Python’s combination of the names/objects concept and (im)mutability tends to waste memory and CPU time:

  • There might be many different objects holding all the same value. In principle, every time the number 1 occurs in the source code, a new integer object is created.

  • Tying names to other objects may leave objects without name. Such objects are no more accessible but resist in memory.

  • Modifying immutable objects requires to create new objects. Thus, even simple integer computations require relatively complex memory management operations.

To mitigate these drawbacks, the Python interpreter uses several optimization strategies. Although such issues are rather technical we briefly discuss them here, because they sometimes yield unexpected results.

Preloaded Integers#

To avoid object creation every time a new integer is used, the Python interpreter pre-creates integer objects for all integers from -5 to 256. This saves CPU time. The somewhat cumbersome range stems from statistical considerations about integer usage.

In addition, the interpreter takes care that no integer in this range is created twice during program execution. This saves memory. The behavior is demonstrated in the following code snipped:

a = 8
b = 4 + 4
print(id(a))
print(id(b))
140115940688336
140115940688336

Both object IDs are identical, thus only one integer object is used. Since integer objects are immutable, this cannot cause any trouble.

String Interning#

As for integers, the Python interpreter tries to avoid multiple string objects with the same value. Since corresponding comparisons may require too much CPU time, this technique is only used for short strings. The rules controlling which strings get interned and which not are relatively complex.

a = 'short'
b = 'sh' + 'ort'
print(id(a))
print(id(b))
140115859848048
140115859848048
a = 'very very long'
b = 'very' + ' very long'
print(id(a))
print(id(b))
140115859848944
140115899208176

Repeated Literals in Source Code#

Before executing a Python program, the interpreter checks the syntax and creates a list of all literals. Here, literals are all types of explicit data appearing in the source code, like integers or strings. If some literal appears multiple times and if objects of the corresponding data type are immutable, only one object is created.

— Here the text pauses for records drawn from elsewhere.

lemma axis_path_pcat:
  assumes Y: "axis_path (Suc a) b p q F Y" and ab: "Suc a < b"
  shows "axis_path a b (\<lambda>c. if c = a then 0 else (1 + p c) / 2) (\<lambda>c. if c = a then 1/2 else (1 + q c) / 2)
    (insert (1/2) ((\<lambda>x. (1 + x) / 2) ` F)) (pcat (axis a) Y)"
proof -
  let ?p = "\<lambda>c. if c = a then 0 else (1 + p c) / 2" and ?q = "\<lambda>c. if c = a then 1/2 else (1 + q c) / 2"
  have pq: "\<forall>c \<in> {Suc a..<b}. 0 \<le> p c \<and> p c < q c \<and> q c \<le> 1"
    and ordered: "\<forall>c \<in> {Suc a..<b}. \<forall>c' \<in> {Suc a..<b}. c < c' \<longrightarrow> q c \<le> p c'"
    and dY: "\<forall>s \<in> {0<..<1} - F. \<forall>c. ((\<lambda>r. Y r c) has_real_derivative axis_speed (Suc a) b p q c s) (at s)"
    and "finite F" "\<forall>c. Y 0 c = 0" "\<forall>c. Y 1 c = (if Suc a \<le> c \<and> c < b then 1 else 0)"
    using Y unfolding axis_path_def by auto
  have "((\<lambda>r. pcat (axis a) Y r c) has_real_derivative axis_speed a b ?p ?q c s) (at s)"
    if s: "s \<in> {0<..<1} - insert (1/2) ((\<lambda>x. (1 + x) / 2) ` F)" for s c
  proof (cases "s < 1/2")
    case True
    have "((\<lambda>r. axis a r c) has_real_derivative (if c = a then 1 else 0)) (at (2 * s))"
      unfolding axis_def by (cases "c = a") (simp_all add: DERIV_ident)
    from has_real_derivative_pcat_left[where X = "axis a" and Y = Y and c = c and s = s, OF this True]
    have "((\<lambda>r. pcat (axis a) Y r c) has_real_derivative (if c = a then 1 else 0) * 2) (at s)" .
    moreover have "axis_speed a b ?p ?q c s = (if c = a then 1 else 0) * 2"
    proof (cases "a < c \<and> c < b")
      case in_range: True
      then have "0 \<le> p c" using pq by auto
      then show ?thesis using True in_range by (auto simp: axis_speed_def)
    qed (use True s ab in \<open>auto simp: axis_speed_def\<close>)
    ultimately show ?thesis by simp
  next
    case False
    then have "2 * s - 1 \<in> {0<..<1} - F" using s by force
    then have "((\<lambda>r. Y r c) has_real_derivative axis_speed (Suc a) b p q c (2 * s - 1)) (at (2 * s - 1))"
      using dY by blast
    from has_real_derivative_pcat_right[where X = "axis a" and Y = Y and c = c and s = s, OF this] False s
    have "((\<lambda>r. pcat (axis a) Y r c) has_real_derivative axis_speed (Suc a) b p q c (2 * s - 1) * 2) (at s)"
      by auto
    moreover have "axis_speed a b ?p ?q c s = axis_speed (Suc a) b p q c (2 * s - 1) * 2"
      using False s by (auto simp: axis_speed_def field_simps)
    ultimately show ?thesis by simp
  qed
  moreover have "\<forall>c \<in> {a..<b}. 0 \<le> ?p c \<and> ?p c < ?q c \<and> ?q c \<le> 1"
    using pq by (auto simp: Suc_le_eq)
  moreover have "\<forall>c \<in> {a..<b}. \<forall>c' \<in> {a..<b}. c < c' \<longrightarrow> ?q c \<le> ?p c'"
    using pq ordered by (auto simp: Suc_le_eq)
  ultimately show ?thesis
    using \<open>finite F\<close> \<open>\<forall>c. Y 0 c = 0\<close> \<open>\<forall>c. Y 1 c = _\<close> ab
    unfolding axis_path_def by (auto simp: pcat_def axis_def)
qed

# Copy the following Python code to a text file and feed the file to the
# Python interpreter to see the effect of optimization of repreated literals.

a = 'a long string, which usually is not interned'
b = 12345678
c = 'a long string, which usually is not interned'
d = 12345678

print(id(a))
print(id(b))
print(id(c))
print(id(b))

The names a and c will point to the same string object, although the string is too long to be interned by the string interning mechanism. The names b and d will point to the same integer object, although they are outside the range of preloaded integers.

Care has to be taken when using interactive Python interpreters like Jupyter. If the above code snipped is executed line by line in an interactive interpreter, then four different objects will be created, because the interpreter does not parse the full code in advance.

Important

Executing Python code with an interactive interpreter may yield different results than executing the same code at once with a non-interactive interpreter! In particular, performance measures like memory consumption may differ.

a = 'a long string, which usually is not interned'
b = 12345678
c = 'a long string, which usually is not interned'
d = 12345678

print(id(a))
print(id(b))
print(id(c))
print(id(d))
140115894986160
140115859673552
140115894986352
140115859679312

Garbage Collection#

As described above, there might be objects without names. Such objects resist in memory, but are no more accessible. To avoid filling up memory as time passes, the Python interpreter automatically removes nameless objects from memory. This mechanism is known as garbage collection and is a feature not available in all programming languages. In the C programming language, for instance, the programmer has to take care to free memory, if data isn’t needed anymore.

Sometimes, especially when working with large data sets, one wants to get rid of some data in memory to have more memory available for other purposes. One way is to tie all names refering to the no more needed object to other objects, which is somewhat unintuitive. Alternatively, the del keyword can be used to untie a name from an object.

a = 5000
del a
print(a)
---------------------------------------------------------------------------
NameError                                 Traceback (most recent call last)
Input In [5], in <cell line: 3>()
      1 a = 5000
      2 del a
----> 3 print(a)

NameError: name 'a' is not defined

The last line leads to an error message, because after executing line 2 the name a is no more valid. Note that del only deletes the name, not the object. In the following code snipped the object remains in memory, because it has another name:

a = 5000
b = a
del a
print(b)
5000